RAG pipelines introduce three distinct attack surfaces that standard LLM threat models miss: the retrieval boundary, the context window, and the generation gate. Here is the full threat model with controls for each.

Drel12 min read

Retrieval-Augmented Generation is now the default architecture for any LLM application that needs to ground its answers in organisation-specific content. Customer-support copilots, internal research assistants, policy-aware question answering, knowledge-base search front-ends — almost all of them are RAG systems under the surface. The pattern is well understood at the implementation level. The threat model is not.

Most security reviews of RAG systems we have seen reuse a generic LLM threat model and bolt on a few notes about “data quality.” That misses the structural change. RAG is not just an LLM plus a database. It is an LLM that consumes content from a system an attacker can plausibly write to, in a context where that content becomes part of the prompt. The prompt is no longer a sealed input — it is assembled from multiple trust domains at request time. A threat model that does not name those trust domains explicitly will miss the attacks that matter.

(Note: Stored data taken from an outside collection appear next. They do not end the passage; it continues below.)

(* The truncated welfare-based dynamic posted-price (TWDPP) mechanism is ex post incentive compatible for myopic bidders and dominant-strategy incentive compatible for myopic miners.
   Context: Dynamic posted-price setting: at each time step a block with $m$ slots is produced by an active miner; $n$ bidders with private values $v_i\ge0$ submit bids $b_i$, each participating once. Given the current posted price $q>0$, $M(q)=\{i:b_i\ge q\}$; a block is $B\subseteq M(q)$ with $|B|\le m$; each $i\in B$ gets a slot and pays $q$. The TWDPP mechanism uses the random maximal (RM) allocation rule — $B$ is chosen uniformly at random among subsets of $M(q)$ of size $\min\{m,|M(q)|\}$ — and the update rule $T_{TW}(q,B)=\alpha\frac1m\sum_{i\in B}\min\{b_i,(1+\delta)q\}+(1-\alpha)q$ if $|B|<m$, and $\alpha(1+\delta)q+(1-\alpha)q$ if $|B|=m$, with $\alpha\in(0,1)$, $\delta\in(0,\infty)$. A myopic bidder's utility is $v_i-q$ if included and $0$ otherwise (in expectation over allocation randomness); ex post IC for myopic bidders means that, when the miner follows the RM rule, bidding $b_i=v_i$ weakly dominates every other bid for all bids of others. A myopic miner's utility is the total payment $q|B|$ in the current block; DSIC for myopic miners means following the RM rule is a weakly dominant, utility-maximizing strategy for the miner for all bids. *)

theory Defs
  imports "HOL-Probability.Probability"
begin

text \<open>Bidders are the elements of a finite set N (so n = card N); a bid profile is
  b :: 'a => real.  The current posted price is q, the block size is m.\<close>

definition Mset :: "'a set \<Rightarrow> ('a \<Rightarrow> real) \<Rightarrow> real \<Rightarrow> 'a set" where
  "Mset N b q = {i \<in> N. b i \<ge> q}"

definition feasible_block :: "nat \<Rightarrow> 'a set \<Rightarrow> ('a \<Rightarrow> real) \<Rightarrow> real \<Rightarrow> 'a set \<Rightarrow> bool" where
  "feasible_block m N b q B \<longleftrightarrow> B \<subseteq> Mset N b q \<and> card B \<le> m"

definition RM_alloc :: "nat \<Rightarrow> 'a set \<Rightarrow> ('a \<Rightarrow> real) \<Rightarrow> real \<Rightarrow> 'a set pmf" where
  "RM_alloc m N b q =
     pmf_of_set {B. B \<subseteq> Mset N b q \<and> card B = min m (card (Mset N b q))}"

definition TW_update :: "nat \<Rightarrow> real \<Rightarrow> real \<Rightarrow> ('a \<Rightarrow> real) \<Rightarrow> real \<Rightarrow> 'a set \<Rightarrow> real" where
  "TW_update m \<alpha> \<delta> b q B =
     (if card B < m
      then \<alpha> * (1 / real m) * (\<Sum>i\<in>B. min (b i) ((1 + \<delta>) * q)) + (1 - \<alpha>) * q
      else \<alpha> * (1 + \<delta>) * q + (1 - \<alpha>) * q)"

type_synonym 'a dpp_mech =
  "(nat \<Rightarrow> 'a set \<Rightarrow> ('a \<Rightarrow> real) \<Rightarrow> real \<Rightarrow> 'a set pmf) \<times>
   (nat \<Rightarrow> ('a \<Rightarrow> real) \<Rightarrow> real \<Rightarrow> 'a set \<Rightarrow> real)"

definition TWDPP :: "real \<Rightarrow> real \<Rightarrow> 'a dpp_mech" where
  "TWDPP \<alpha> \<delta> = (RM_alloc, \<lambda>m. TW_update m \<alpha> \<delta>)"

definition alloc_rule :: "'a dpp_mech \<Rightarrow> nat \<Rightarrow> 'a set \<Rightarrow> ('a \<Rightarrow> real) \<Rightarrow> real \<Rightarrow> 'a set pmf" where
  "alloc_rule M = fst M"

definition bidder_utility ::
  "'a dpp_mech \<Rightarrow> nat \<Rightarrow> 'a set \<Rightarrow> ('a \<Rightarrow> real) \<Rightarrow> real \<Rightarrow> 'a \<Rightarrow> real \<Rightarrow> real" where
  "bidder_utility Mech m N b q i v =
     measure_pmf.expectation (alloc_rule Mech m N b q) (\<lambda>B. if i \<in> B then v - q else 0)"

definition ex_post_IC_myopic_bidders :: "'a dpp_mech \<Rightarrow> nat \<Rightarrow> 'a set \<Rightarrow> real \<Rightarrow> bool" where
  "ex_post_IC_myopic_bidders Mech m N q \<longleftrightarrow>
     (\<forall>i\<in>N. \<forall>v::real. \<forall>b::'a \<Rightarrow> real. \<forall>b'::real. v \<ge> 0 \<longrightarrow>
        bidder_utility Mech m N (b(i := b')) q i v \<le> bidder_utility Mech m N (b(i := v)) q i v)"

definition miner_utility :: "real \<Rightarrow> 'a set \<Rightarrow> real" where
  "miner_utility q B = q * real (card B)"

definition DSIC_myopic_miner :: "'a dpp_mech \<Rightarrow> nat \<Rightarrow> 'a set \<Rightarrow> real \<Rightarrow> bool" where
  "DSIC_myopic_miner Mech m N q \<longleftrightarrow>
     (\<forall>b::'a \<Rightarrow> real.
        (\<forall>B\<in>set_pmf (alloc_rule Mech m N b q). feasible_block m N b q B) \<and>
        (\<forall>B'. feasible_block m N b q B' \<longrightarrow>
           miner_utility q B' \<le> measure_pmf.expectation (alloc_rule Mech m N b q) (miner_utility q)))"

end

theory Submission
  imports Defs
begin

text \<open>Myopic agents only care about the current block.
  Under the RM rule a bidder's expected utility is (v - q) times the probability of being
  included; this probability is zero for a bid below q and does not depend on the bid
  otherwise, since the bid only matters through membership in M(q).  Hence truthful
  bidding secures max(v - q, 0) times the inclusion probability, which no other bid
  beats.  The miner always fills min(m, |M(q)|) slots, the largest size of any feasible
  block, so no deviation raises the revenue q |B|.\<close>

definition maximal_blocks :: "nat \<Rightarrow> 'a set \<Rightarrow> 'a set set" where
  "maximal_blocks m M = {B. B \<subseteq> M \<and> card B = min m (card M)}"

lemma finite_maximal_blocks: "finite M \<Longrightarrow> finite (maximal_blocks m M)"
  unfolding maximal_blocks_def by (rule finite_subset[of _ "Pow M"]) auto

lemma maximal_blocks_nonempty: "finite M \<Longrightarrow> maximal_blocks m M \<noteq> {}"
  using obtain_subset_with_card_n[of "min m (card M)" M] by (auto simp: maximal_blocks_def)

lemma finite_Mset: "finite N \<Longrightarrow> finite (Mset N b q)"
  by (simp add: Mset_def)

lemma Mset_fun_upd_eq:
  assumes "q \<le> c" and "q \<le> c'"
  shows "Mset N (b(i := c)) q = Mset N (b(i := c')) q"
  using assms by (auto simp: Mset_def)

lemma RM_alloc_eq_pmf_of_set: "RM_alloc m N b q = pmf_of_set (maximal_blocks m (Mset N b q))"
  by (simp add: RM_alloc_def maximal_blocks_def)

lemma set_pmf_RM_alloc:
  "finite N \<Longrightarrow> set_pmf (RM_alloc m N b q) = maximal_blocks m (Mset N b q)"
  by (simp add: RM_alloc_eq_pmf_of_set finite_Mset finite_maximal_blocks maximal_blocks_nonempty)

lemma alloc_rule_TWDPP: "alloc_rule (TWDPP \<alpha> \<delta>) = RM_alloc"
  by (simp add: alloc_rule_def TWDPP_def)

lemma expectation_if_mem:
  "measure_pmf.expectation p (\<lambda>B. if i \<in> B then c else 0) = c * measure_pmf.prob p {B. i \<in> B}"
proof -
  have "(\<lambda>B. if i \<in> B then c else 0) = (\<lambda>B. c * indicator {B. i \<in> B} B)"
    by (auto simp: indicator_def)
  then show ?thesis by simp
qed

lemma bidder_utility_TWDPP:
  "bidder_utility (TWDPP \<alpha> \<delta>) m N b q i v = (v - q) * measure_pmf.prob (RM_alloc m N b q) {B. i \<in> B}"
  by (simp add: bidder_utility_def alloc_rule_TWDPP expectation_if_mem)

lemma prob_RM_alloc_includes_low_bidder:
  assumes "finite N" and "b i < q"
  shows "measure_pmf.prob (RM_alloc m N b q) {B. i \<in> B} = 0"
proof -
  have "i \<notin> Mset N b q" using assms(2) by (simp add: Mset_def)
  then show ?thesis
    by (auto simp: measure_pmf_zero_iff set_pmf_RM_alloc[OF assms(1)] maximal_blocks_def)
qed

lemma TWDPP_ex_post_IC:
  assumes "finite N"
  shows "ex_post_IC_myopic_bidders (TWDPP \<alpha> \<delta>) m N q"
  unfolding ex_post_IC_myopic_bidders_def
proof (intro ballI allI impI)
  fix i v b b'
  define P where "P c = measure_pmf.prob (RM_alloc m N (b(i := c)) q) {B. i \<in> B}" for c
  have U: "bidder_utility (TWDPP \<alpha> \<delta>) m N (b(i := c)) q i v = (v - q) * P c" for c
    by (simp add: bidder_utility_TWDPP P_def)
  have P_low: "P c = 0" if "c < q" for c
    unfolding P_def using prob_RM_alloc_includes_low_bidder[OF assms] that by simp
  have P_nonneg: "0 \<le> P c" for c
    by (simp add: P_def)
  have "(v - q) * P b' \<le> (v - q) * P v"
  proof (cases "q \<le> v")
    case True
    show ?thesis
    proof (cases "q \<le> b'")
      case True
      then have "P b' = P v"
        by (simp only: P_def RM_alloc_def Mset_fun_upd_eq[OF True \<open>q \<le> v\<close>])
      then show ?thesis by simp
    next
      case False
      then show ?thesis using \<open>q \<le> v\<close> P_low[of b'] P_nonneg[of v] by simp
    qed
  next
    case False
    then show ?thesis using P_low[of v] P_nonneg[of b'] by (simp add: mult_nonpos_nonneg)
  qed
  then show "bidder_utility (TWDPP \<alpha> \<delta>) m N (b(i := b')) q i v
      \<le> bidder_utility (TWDPP \<alpha> \<delta>) m N (b(i := v)) q i v"
    by (simp only: U)
qed

lemma card_feasible_block_le:
  assumes "finite N" and "feasible_block m N b q B"
  shows "card B \<le> min m (card (Mset N b q))"
  using assms card_mono[OF finite_Mset[OF assms(1)]] by (auto simp: feasible_block_def)

lemma expectation_RM_alloc_miner_utility:
  assumes "finite N"
  shows "measure_pmf.expectation (RM_alloc m N b q) (miner_utility q)
      = q * real (min m (card (Mset N b q)))"
proof -
  let ?S = "maximal_blocks m (Mset N b q)"
  have fin: "finite ?S" and ne: "?S \<noteq> {}"
    using assms by (simp_all add: finite_Mset finite_maximal_blocks maximal_blocks_nonempty)
  have "measure_pmf.expectation (RM_alloc m N b q) (miner_utility q)
      = (\<Sum>B\<in>?S. miner_utility q B) / card ?S"
    using fin ne by (simp add: RM_alloc_eq_pmf_of_set integral_pmf_of_set)
  also have "(\<Sum>B\<in>?S. miner_utility q B) = (\<Sum>B\<in>?S. q * real (min m (card (Mset N b q))))"
    by (intro sum.cong) (auto simp: miner_utility_def maximal_blocks_def)
  finally show ?thesis using fin ne by simp
qed

lemma TWDPP_DSIC_miner:
  assumes "finite N" and "q > 0"
  shows "DSIC_myopic_miner (TWDPP \<alpha> \<delta>) m N q"
  unfolding DSIC_myopic_miner_def alloc_rule_TWDPP
proof (intro allI conjI ballI impI)
  fix b B
  assume "B \<in> set_pmf (RM_alloc m N b q)"
  then show "feasible_block m N b q B"
    by (auto simp: set_pmf_RM_alloc[OF assms(1)] maximal_blocks_def feasible_block_def)
next
  fix b B'
  assume "feasible_block m N b q B'"
  then have "card B' \<le> min m (card (Mset N b q))"
    using card_feasible_block_le[OF assms(1)] by blast
  then show "miner_utility q B' \<le> measure_pmf.expectation (RM_alloc m N b q) (miner_utility q)"
    using assms(2)
    by (simp add: expectation_RM_alloc_miner_utility[OF assms(1)] miner_utility_def)
qed

theorem mainTheorem7:
  fixes N :: "'a set" and m :: nat and q \<alpha> \<delta> :: real
  assumes "finite N" and "m \<ge> 1" and "q > 0"
    and "0 < \<alpha>" and "\<alpha> < 1" and "0 < \<delta>"
  shows "ex_post_IC_myopic_bidders (TWDPP \<alpha> \<delta>) m N q \<and> DSIC_myopic_miner (TWDPP \<alpha> \<delta>) m N q"
  using TWDPP_ex_post_IC[OF assms(1)] TWDPP_DSIC_miner[OF assms(1,3)] by blast

end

A RAG pipeline has three attack surfaces — retrieval, context, generation — not one. Each has its own threat class, its own controls, and its own evidence requirements. A control at one surface does not protect the others.

What standard LLM threat models cover

Before talking about what is missing, it is worth being precise about what is already in scope when teams sit down to threat-model an LLM. A standard LLM threat model treats the model as an opaque box that accepts a prompt and returns text. The threats it enumerates cluster around four areas:

  • Input handling. Prompt injection at user input — a malicious user crafts a query that tries to bypass system instructions. Jailbreak prompts. Token-budget abuse. Excessive request volume.
  • Output handling. Unsafe content categories — hate, self-harm, sexual content, weaponisation. PII regurgitation. Code that executes when copied and pasted.
  • Model behaviour. Hallucination, refusal failure, bias along sensitive axes, instability between sessions.
  • Supply chain. Model provenance, the safety claims made by the provider, the data the model was trained on, the controls available at the provider API layer.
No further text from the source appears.